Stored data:
++++++++
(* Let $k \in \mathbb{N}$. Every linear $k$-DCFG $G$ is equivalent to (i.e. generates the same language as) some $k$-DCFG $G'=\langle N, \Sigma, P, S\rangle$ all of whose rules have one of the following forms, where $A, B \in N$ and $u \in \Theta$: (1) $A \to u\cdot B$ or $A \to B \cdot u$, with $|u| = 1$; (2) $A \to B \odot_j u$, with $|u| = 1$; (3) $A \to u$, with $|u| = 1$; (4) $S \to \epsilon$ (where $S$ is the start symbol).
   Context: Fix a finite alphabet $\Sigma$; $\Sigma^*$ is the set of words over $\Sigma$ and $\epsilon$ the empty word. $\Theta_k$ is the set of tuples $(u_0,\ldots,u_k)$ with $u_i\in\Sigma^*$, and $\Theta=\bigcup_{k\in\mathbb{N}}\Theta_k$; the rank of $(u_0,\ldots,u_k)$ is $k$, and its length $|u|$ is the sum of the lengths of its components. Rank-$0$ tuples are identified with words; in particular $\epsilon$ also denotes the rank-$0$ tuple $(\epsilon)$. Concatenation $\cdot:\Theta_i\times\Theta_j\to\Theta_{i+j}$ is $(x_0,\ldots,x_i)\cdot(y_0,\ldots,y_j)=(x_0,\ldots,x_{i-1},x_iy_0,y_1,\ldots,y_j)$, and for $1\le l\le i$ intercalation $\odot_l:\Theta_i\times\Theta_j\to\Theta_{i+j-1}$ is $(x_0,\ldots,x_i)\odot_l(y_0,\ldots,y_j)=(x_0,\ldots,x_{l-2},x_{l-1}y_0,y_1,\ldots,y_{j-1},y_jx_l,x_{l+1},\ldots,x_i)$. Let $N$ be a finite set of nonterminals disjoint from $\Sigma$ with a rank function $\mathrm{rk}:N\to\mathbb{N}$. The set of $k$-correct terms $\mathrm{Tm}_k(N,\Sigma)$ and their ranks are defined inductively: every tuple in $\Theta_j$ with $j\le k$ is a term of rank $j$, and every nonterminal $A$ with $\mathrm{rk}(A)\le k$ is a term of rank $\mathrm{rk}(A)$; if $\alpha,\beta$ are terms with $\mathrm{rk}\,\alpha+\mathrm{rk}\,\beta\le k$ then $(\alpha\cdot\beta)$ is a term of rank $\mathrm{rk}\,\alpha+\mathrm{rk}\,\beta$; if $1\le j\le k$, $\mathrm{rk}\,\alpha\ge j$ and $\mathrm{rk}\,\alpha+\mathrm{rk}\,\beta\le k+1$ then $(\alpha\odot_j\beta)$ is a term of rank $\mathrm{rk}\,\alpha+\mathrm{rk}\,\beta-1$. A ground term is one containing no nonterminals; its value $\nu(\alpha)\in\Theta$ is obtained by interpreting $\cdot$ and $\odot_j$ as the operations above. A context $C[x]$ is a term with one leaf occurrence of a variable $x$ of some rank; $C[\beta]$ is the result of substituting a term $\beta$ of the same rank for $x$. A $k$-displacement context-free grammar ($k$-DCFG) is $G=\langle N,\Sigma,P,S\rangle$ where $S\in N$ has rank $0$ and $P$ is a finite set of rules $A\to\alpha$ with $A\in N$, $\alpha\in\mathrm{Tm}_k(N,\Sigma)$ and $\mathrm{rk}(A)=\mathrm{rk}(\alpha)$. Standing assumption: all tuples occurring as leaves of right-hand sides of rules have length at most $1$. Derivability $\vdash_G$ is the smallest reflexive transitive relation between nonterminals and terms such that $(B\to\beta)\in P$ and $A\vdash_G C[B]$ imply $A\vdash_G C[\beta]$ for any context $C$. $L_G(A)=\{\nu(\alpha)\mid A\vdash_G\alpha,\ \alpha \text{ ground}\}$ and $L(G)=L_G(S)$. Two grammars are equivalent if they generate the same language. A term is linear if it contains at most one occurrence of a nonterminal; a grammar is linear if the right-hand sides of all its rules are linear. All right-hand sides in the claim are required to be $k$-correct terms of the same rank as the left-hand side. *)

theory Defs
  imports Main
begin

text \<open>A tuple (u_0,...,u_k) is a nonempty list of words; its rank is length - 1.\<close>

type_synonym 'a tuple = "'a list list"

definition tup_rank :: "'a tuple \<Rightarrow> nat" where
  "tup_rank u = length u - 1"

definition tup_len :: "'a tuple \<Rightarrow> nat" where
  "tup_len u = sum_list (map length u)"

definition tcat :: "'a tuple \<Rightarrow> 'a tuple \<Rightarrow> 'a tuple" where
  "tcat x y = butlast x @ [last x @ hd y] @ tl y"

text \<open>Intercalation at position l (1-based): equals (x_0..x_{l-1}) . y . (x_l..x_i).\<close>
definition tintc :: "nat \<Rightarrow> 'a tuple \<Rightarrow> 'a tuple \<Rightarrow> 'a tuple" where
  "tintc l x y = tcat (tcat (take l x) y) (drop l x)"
++++++++
Please copy every line from the entries that includes the word "tcat".

Written response:
definition tcat :: "'a tuple \<Rightarrow> 'a tuple \<Rightarrow> 'a tuple" where
  "tcat x y = butlast x @ [last x @ hd y] @ tl y"
  "tintc l x y = tcat (tcat (take l x) y) (drop l x)"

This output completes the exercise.